To many monocytes or too many undifferentiated monocytes.
Chronic myeloid leukaemia.
CML predominantly affects the myeloid lineage and the erythroid lineage not the
lymphoid.
So, it does not really seem to affect T and B cells, and this is not very clear why.
Myeloid cells include neutrophils, eosinophils, basophils, megakaryocytes (from
which platelets are derived) and monocytes.
Typically, there is an excess of monocytes that we see in these patients.
Myeloid lineage expands in CML.
Neutrophils.
Basophils.
Eosinophils
There is an expansion of these lineages.
Clinical features of CML.
Incidence: 1 :1000,000
The known risk factors are ionising radiation.
There are 3 phases:
1. Chronic phase: this can last 4-5 years, and these patients are asymptomatic. And if
they are detected it is because they have had a blood test for some other reason.
Expansion of myeloid compartment but cells differentiate normally.
, 2. Accelerated phase: this can last for weeks or years: more immature cells are in the
blood.
3. Blast crisis: this can also last weeks to months and this is where immature cells will
dominate and they will take up more than 30% of the cells in the bone marrow or
the blood.
The mutations that you see as the disease progresses means that you accumulate
mutations, and it gets progressively harder to treat.

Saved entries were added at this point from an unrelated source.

lemma log_lift_holomorphic_near_cut:
  assumes Im_w: "Im w = 2 * pi * of_int k"
    and glue: "\<And>x. x > 0 \<Longrightarrow> bminus (g (k - 1)) x = bplus (g k) x"
    and glued: "\<And>x \<rho>. x > 0 \<Longrightarrow> \<rho> > 0 \<Longrightarrow> ball (complex_of_real x) \<rho> \<subseteq> {z. Re z > 0} \<Longrightarrow>
                  glued g (k - 1) analytic_on ball (complex_of_real x) \<rho>"
  shows "\<exists>e>0. log_lift g holomorphic_on ball w e"
proof -
  define x0 where "x0 = exp (Re w)"
  have x0: "x0 > 0" unfolding x0_def by simp
  have exp_w: "exp w = complex_of_real x0"
    using exp_eq_cis_shift[of w k] Im_w unfolding x0_def by simp
  have "ball (complex_of_real x0) x0 \<subseteq> {z. Re z > 0}"
  proof
    fix z assume "z \<in> ball (complex_of_real x0) x0"
    then have "\<bar>Re (z - complex_of_real x0)\<bar> < x0"
      using abs_Re_le_cmod[of "z - complex_of_real x0"] by (simp add: dist_norm norm_minus_commute)
    then show "z \<in> {z. Re z > 0}" by auto
  qed
  then have hol: "glued g (k - 1) holomorphic_on ball (complex_of_real x0) x0"
    using glued x0 analytic_imp_holomorphic by blast
  obtain d where d: "d > 0" "\<And>z. dist z w < d \<Longrightarrow> dist (exp z) (exp w) < x0"
    using continuous_on_exp[of UNIV "\<lambda>z. z", unfolded continuous_on_iff] x0 by fastforce
  define e where "e = min d pi"
  have e: "e > 0" unfolding e_def using d by simp
  have glued_eq: "log_lift g z = glued g (k - 1) (exp z)" if "z \<in> ball w e" for z
  proof (rule log_lift_eq_glued[OF _ glue])
    have "\<bar>Im z - Im w\<bar> < e"
      using that abs_Im_le_cmod[of "z - w"] by (simp add: dist_norm norm_minus_commute)
    then show "\<bar>Im z - 2 * pi * of_int k\<bar> < pi" unfolding e_def Im_w by auto
  qed
  have "exp z \<in> ball (complex_of_real x0) x0" if "z \<in> ball w e" for z
    using d(2)[of z] that exp_w unfolding e_def by (simp add: dist_commute)
  then have "(glued g (k - 1) \<circ> exp) holomorphic_on ball w e"
    by (intro holomorphic_on_compose_gen[OF _ hol] holomorphic_intros) auto
  then have "log_lift g holomorphic_on ball w e"
    by (rule holomorphic_transform) (simp add: glued_eq)
  then show ?thesis using e by (intro exI[of _ e]) simp
qed

lemma log_lift_entire:
  assumes analytic: "\<And>k. g k analytic_on slit_plane"
    and glue: "\<And>k x. x > 0 \<Longrightarrow> bminus (g k) x = bplus (g (k + 1)) x"
    and glued: "\<And>k x \<rho>. x > 0 \<Longrightarrow> \<rho> > 0 \<Longrightarrow> ball (complex_of_real x) \<rho> \<subseteq> {z. Re z > 0} \<Longrightarrow>
                  glued g k analytic_on ball (complex_of_real x) \<rho>"
  shows "log_lift g holomorphic_on UNIV"
proof (rule analytic_imp_holomorphic, unfold analytic_on_def, intro ballI)
  fix w :: complex
  define k where "k = sheet w"
  show "\<exists>e>0. log_lift g holomorphic_on ball w e"
  proof (cases "Im w = 2 * pi * of_int k")
    case True
    then show ?thesis
      using glue[where k = "k - 1"] glued by (intro log_lift_holomorphic_near_cut[of w k]) auto
  next
    case False
    define strip where "strip = {z. 2 * pi * of_int k < Im z \<and> Im z < 2 * pi * of_int k + 2 * pi}"
    have "open strip" unfolding strip_def
      by (intro open_Collect_conj open_Collect_less continuous_intros)
    moreover have "w \<in> strip"
      using False sheet_bounds[of w] unfolding strip_def k_def by auto
    ultimately obtain e where "e > 0" "ball w e \<subseteq> strip" using open_contains_ball by blast
    moreover have "log_lift g holomorphic_on strip"
      unfolding strip_def using analytic by (intro log_lift_holomorphic_on_strip analytic_imp_holomorphic)
    ultimately show ?thesis using holomorphic_on_subset by blast
  qed
qed

lemma mellin_bernstein_entire_extension:
  assumes "mellin_bernstein c T f"
  obtains G C where "G holomorphic_on UNIV" "\<And>z. norm (G z) \<le> C * exp (T * \<bar>Im z\<bar>)"
    "\<And>s. G (complex_of_real s) = complex_of_real (exp s powr c) * f (exp s)"
proof -
  from assms[unfolded mellin_bernstein_def] obtain g where
    analytic: "\<forall>k. g k analytic_on slit_plane" and
    limits: "\<forall>k. \<forall>x>0. (\<exists>l. ((\<lambda>e::real. g k (of_real x + \<i> * of_real e)) \<longlongrightarrow> l) (at_right 0))
                 \<and> (\<exists>l. ((\<lambda>e::real. g k (of_real x - \<i> * of_real e)) \<longlongrightarrow> l) (at_right 0))
                 \<and> bminus (g k) x = bplus (g (k + 1)) x" and
    real: "\<forall>x>0. bplus (g 0) x = of_real (x powr c) * f x" and
    glued: "\<forall>k. \<forall>x>0. \<forall>\<rho>>0. ball (complex_of_real x) \<rho> \<subseteq> {z. Re z > 0} \<longrightarrow>
                 glued g k analytic_on ball (complex_of_real x) \<rho>" and
    growth: "\<exists>C>0. \<forall>k. \<forall>\<theta>\<in>{0..2*pi}. \<forall>r>0.
                 cmod (polar_val g k r \<theta>) \<le> C * exp (T * \<bar>2 * pi * of_int k + \<theta>\<bar>)"
    by blast
  have glue: "bminus (g k) x = bplus (g (k + 1)) x" if "x > 0" for k x
    using limits that by blast
  have glued': "glued g k analytic_on ball (complex_of_real x) \<rho>"
    if "x > 0" "\<rho> > 0" "ball (complex_of_real x) \<rho> \<subseteq> {z. Re z > 0}" for k x \<rho>
    using glued that by blast
  obtain C where C: "\<forall>k. \<forall>\<theta>\<in>{0..2*pi}. \<forall>r>0.
      cmod (polar_val g k r \<theta>) \<le> C * exp (T * \<bar>2 * pi * of_int k + \<theta>\<bar>)"
    using growth by blast
  show ?thesis
  proof (rule that)
    show "log_lift g holomorphic_on UNIV"
      using analytic by (intro log_lift_entire[OF _ glue glued']) blast
    show "norm (log_lift g z) \<le> C * exp (T * \<bar>Im z\<bar>)" for z by (rule norm_log_lift_le[OF C])
    fix s :: real
    have "log_lift g (complex_of_real s) = bplus (g 0) (exp s)"
      using log_lift_on_cut[of "complex_of_real s" 0 g] by simp
    also have "\<dots> = complex_of_real (exp s powr c) * f (exp s)"
      using real exp_gt_zero[of s] by blast
    finally show "log_lift g (complex_of_real s) = complex_of_real (exp s powr c) * f (exp s)" .
  qed
qed

section \<open>Mellin derivatives and the space \<open>X\<^sup>2\<^sub>c\<close>\<close>

lemma mellin_deriv_log_pullback:
  fixes F :: "complex \<Rightarrow> complex" and h :: "real \<Rightarrow> complex"
  assumes F: "F holomorphic_on UNIV" and x: "x > 0"
    and h: "\<And>y. y > 0 \<Longrightarrow> h y = complex_of_real (y powr -c) * F (complex_of_real (ln y))"
  shows "mellin_deriv c h x = complex_of_real (x powr -c) * deriv F (complex_of_real (ln x))"
proof -
  define D where "D = complex_of_real (x powr -c) * ((1 / x) *\<^sub>R deriv F (complex_of_real (ln x)))
                      + complex_of_real (-c * x powr (-c - 1)) * F (complex_of_real (ln x))"
  have "(F has_field_derivative deriv F w) (at w)" for w
    using F by (simp add: DERIV_deriv_iff_field_differentiable holomorphic_on_imp_differentiable_at)
  then have "((\<lambda>t. F (complex_of_real t)) has_vector_derivative deriv F (complex_of_real (ln x))) (at (ln x))"
    by (rule has_vector_derivative_real_field)
  moreover have "(ln has_vector_derivative (1 / x)) (at x)"
    using DERIV_ln_divide[OF x] by (simp add: has_real_derivative_iff_has_vector_derivative)
  ultimately have "((\<lambda>y. F (complex_of_real (ln y))) has_vector_derivative (1 / x) *\<^sub>R deriv F (complex_of_real (ln x))) (at x)"
    using vector_diff_chain_at by (auto simp: o_def)
  moreover have "((\<lambda>y. complex_of_real (y powr -c)) has_vector_derivative complex_of_real (-c * x powr (-c - 1))) (at x)"
    by (rule has_vector_derivative_of_real) (rule has_real_derivative_powr[OF x])
  ultimately have "((\<lambda>y. complex_of_real (y powr -c) * F (complex_of_real (ln y))) has_vector_derivative D) (at x)"
    unfolding D_def by (rule has_vector_derivative_mult[rotated])
  then have "(h has_vector_derivative D) (at x)"
    by (rule has_vector_derivative_transform_within_open[of _ _ _ "{0<..}"]) (use x h in auto)
  then have mellin: "mellin_deriv c h x = complex_of_real x * D
      + complex_of_real c * (complex_of_real (x powr -c) * F (complex_of_real (ln x)))"
    unfolding mellin_deriv_def using h[OF x] by (simp add: vector_derivative_at)
  have "x * x powr (-c - 1) = x powr -c"
    using x by (simp add: powr_diff)
  then have pw: "complex_of_real x * complex_of_real (x powr (-c - 1)) = complex_of_real (x powr -c)"
    by (simp flip: of_real_mult)
  have inv: "complex_of_real x * complex_of_real (1 / x) = 1"
    using x by (simp flip: of_real_mult)
  have "complex_of_real x * D = complex_of_real (x powr -c) * deriv F (complex_of_real (ln x))
      - complex_of_real c * (complex_of_real (x powr -c) * F (complex_of_real (ln x)))"
    unfolding D_def scaleR_conv_of_real distrib_left by (simp add: mult.assoc[symmetric] pw inv)
  with mellin show ?thesis by simp
qed

lemma mellin_deriv_iterate_eq:
  fixes G :: "complex \<Rightarrow> complex" and f :: "real \<Rightarrow> complex"
  assumes G: "G holomorphic_on UNIV"
    and G_real: "\<And>s. G (complex_of_real s) = complex_of_real (exp s powr c) * f (exp s)"
    and x: "x > 0"
  shows "(mellin_deriv c ^^ r) f x = complex_of_real (x powr -c) * (deriv ^^ r) G (complex_of_real (ln x))"
  using x
proof (induction r arbitrary: x)
  case 0
  then have "x powr -c * x powr c = 1" by (simp flip: powr_add)
  then show ?case using 0 G_real[of "ln x"] by (simp flip: mult.assoc of_real_mult)
next
  case (Suc r)
  have "(deriv ^^ r) G holomorphic_on UNIV" using G by (intro holomorphic_higher_deriv) auto
  then show ?case
    using mellin_deriv_log_pullback[of "(deriv ^^ r) G" x "(mellin_deriv c ^^ r) f" c] Suc by simp
qed

definition mellin_energy :: "real \<Rightarrow> (real \<Rightarrow> complex) \<Rightarrow> ennreal" where
  "mellin_energy c h = (\<integral>\<^sup>+x. ennreal (indicator {0<..} x * ((cmod (h x))\<^sup>2 * x powr (2 * c - 1))) \<partial>lborel)"

lemma mellin_energy_finite: "X2 c h \<Longrightarrow> mellin_energy c h < \<infinity>"
  unfolding X2_def mellin_energy_def set_integrable_def
  by (auto simp: integrable_iff_bounded abs_mult)

lemma mellin_integrand_measurable:
  assumes "set_borel_measurable lborel {0<..} h"
  shows "(\<lambda>x. indicator {0<..} x * ((cmod (h x))\<^sup>2 * x powr (2 * c - 1))) \<in> borel_measurable lborel"
proof -
  have "(\<lambda>x. (cmod (indicator {0<..} x *\<^sub>R h x))\<^sup>2 * x powr (2 * c - 1)) \<in> borel_measurable lborel"
    using assms unfolding set_borel_measurable_def by measurable
  also have "(\<lambda>x. (cmod (indicator {0<..} x *\<^sub>R h x))\<^sup>2 * x powr (2 * c - 1))
           = (\<lambda>x. indicator {0<..} x * ((cmod (h x))\<^sup>2 * x powr (2 * c - 1)))"
    by (auto simp: indicator_def)
  finally show ?thesis .
qed

lemma X2I_mellin_energy:
  assumes "set_borel_measurable lborel {0<..} h" and "mellin_energy c h < \<infinity>"
  shows "X2 c h"
  unfolding X2_def set_integrable_def
proof (intro conjI integrableI_nonneg)
  show "(\<lambda>x. indicator {0<..} x *\<^sub>R ((cmod (h x))\<^sup>2 * x powr (2 * c - 1))) \<in> borel_measurable lborel"
    using mellin_integrand_measurable[OF assms(1)] by simp
  show "(\<integral>\<^sup>+x. ennreal (indicator {0<..} x *\<^sub>R ((cmod (h x))\<^sup>2 * x powr (2 * c - 1))) \<partial>lborel) < \<infinity>"
    using assms(2) unfolding mellin_energy_def by simp
qed (use assms(1) in auto)

lemma X2_norm_eq_mellin_energy:
  assumes "set_borel_measurable lborel {0<..} h"
  shows "X2_norm c h = sqrt (enn2real (mellin_energy c h))"
  unfolding X2_norm_def set_lebesgue_integral_def mellin_energy_def
  using mellin_integrand_measurable[OF assms]
  by (subst integral_eq_nn_integral) auto

lemma mellin_energy_log_pullback:
  assumes "\<And>x. x > 0 \<Longrightarrow> h x = complex_of_real (x powr -c) * F (complex_of_real (ln x))"
  shows "mellin_energy c h = log_energy F"
  unfolding mellin_energy_def log_energy_def
proof (rule nn_integral_cong)
  fix x :: real
  show "ennreal (indicator {0<..} x * ((cmod (h x))\<^sup>2 * x powr (2 * c - 1)))
      = ennreal (indicator {0<..} x * (cmod (F (complex_of_real (ln x))))\<^sup>2 / x)"
  proof (cases "x > 0")
    case True
    have "(x powr -c)\<^sup>2 * x powr (2 * c - 1) = x powr (-c + -c + (2 * c - 1))"
      by (simp only: power2_eq_square flip: powr_add)
    also have "-c + -c + (2 * c - 1) = -1" by simp
    also have "x powr -1 = 1 / x" using True by (simp add: powr_minus_divide)
    finally have weight: "(x powr -c)\<^sup>2 * x powr (2 * c - 1) = 1 / x" .
    have "(cmod (h x))\<^sup>2 * x powr (2 * c - 1)
        = (cmod (F (complex_of_real (ln x))))\<^sup>2 * ((x powr -c)\<^sup>2 * x powr (2 * c - 1))"
      unfolding assms[OF True] norm_mult power_mult_distrib norm_of_real power2_abs
      by (simp only: ac_simps)
    then show ?thesis using True unfolding weight by simp
  qed simp
qed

The role of Bcr-Abl in CML.
Molecular origin of CML.
CML results from a reciprocal translocation between chromosome 22 and
chromosome 9, this creates a short chromosome called the Philadelphia
chromosome.
As a result of this we generate a novel chimeric protein called, Bcr-Abl.
Novel means that it is not normally there, it is generated just because of the disease.
Chimeric means that it has come from 2 different genes that have been put together.
Bcr-Abl is a constitutively active tyrosine kinase. This means that it is on all the time.
BCR (break point cluster region) and the function of it is unknown.
ABL (oncogene; it is a cytoplasmic tyrosine kinase)
The translocation responsible for Bcr-Abl
There is a reciprocal translocation material from chromosome 22 goes to
chromosome 9 and vice versa.
This creates a short chromosome, which ca be easily seen under a microscope.
Bcr-Abl is a fusion protein
In Abl there is a breakpoint on chromosome 9.
In chromosome 22 the break will be in the gene bcr and it can break in multiple
places, all within the BCR gene.
We get chromosome 22 fused to chromosome 9, this then makes a protein that is
hybrid.
It has some of the exons from Bcr and some from Abl and together, they make a new
protein that shouldn’t even exist.
We have an exon intron structure to our gene, this makes these combinations and
recombination’s easy to do.
Because you can break things from the intron and bring in exons from another gene,
as long as you maintain the reading frame.
Different breakpoints in Bcr give rise to protein fusions of different lengths.
NLS lets Abl go into the nucleus, it consists of a DNA bidnign domain and an actin
binding domain.
Bcr, which is the breakpoint region, has a dimerization domain, it has an SH2 binding
domain.
The dimerization domain is key.
The different cancers pick up different amounts of Bcr, but what they have in
common is that they all pick up the dimerization domain.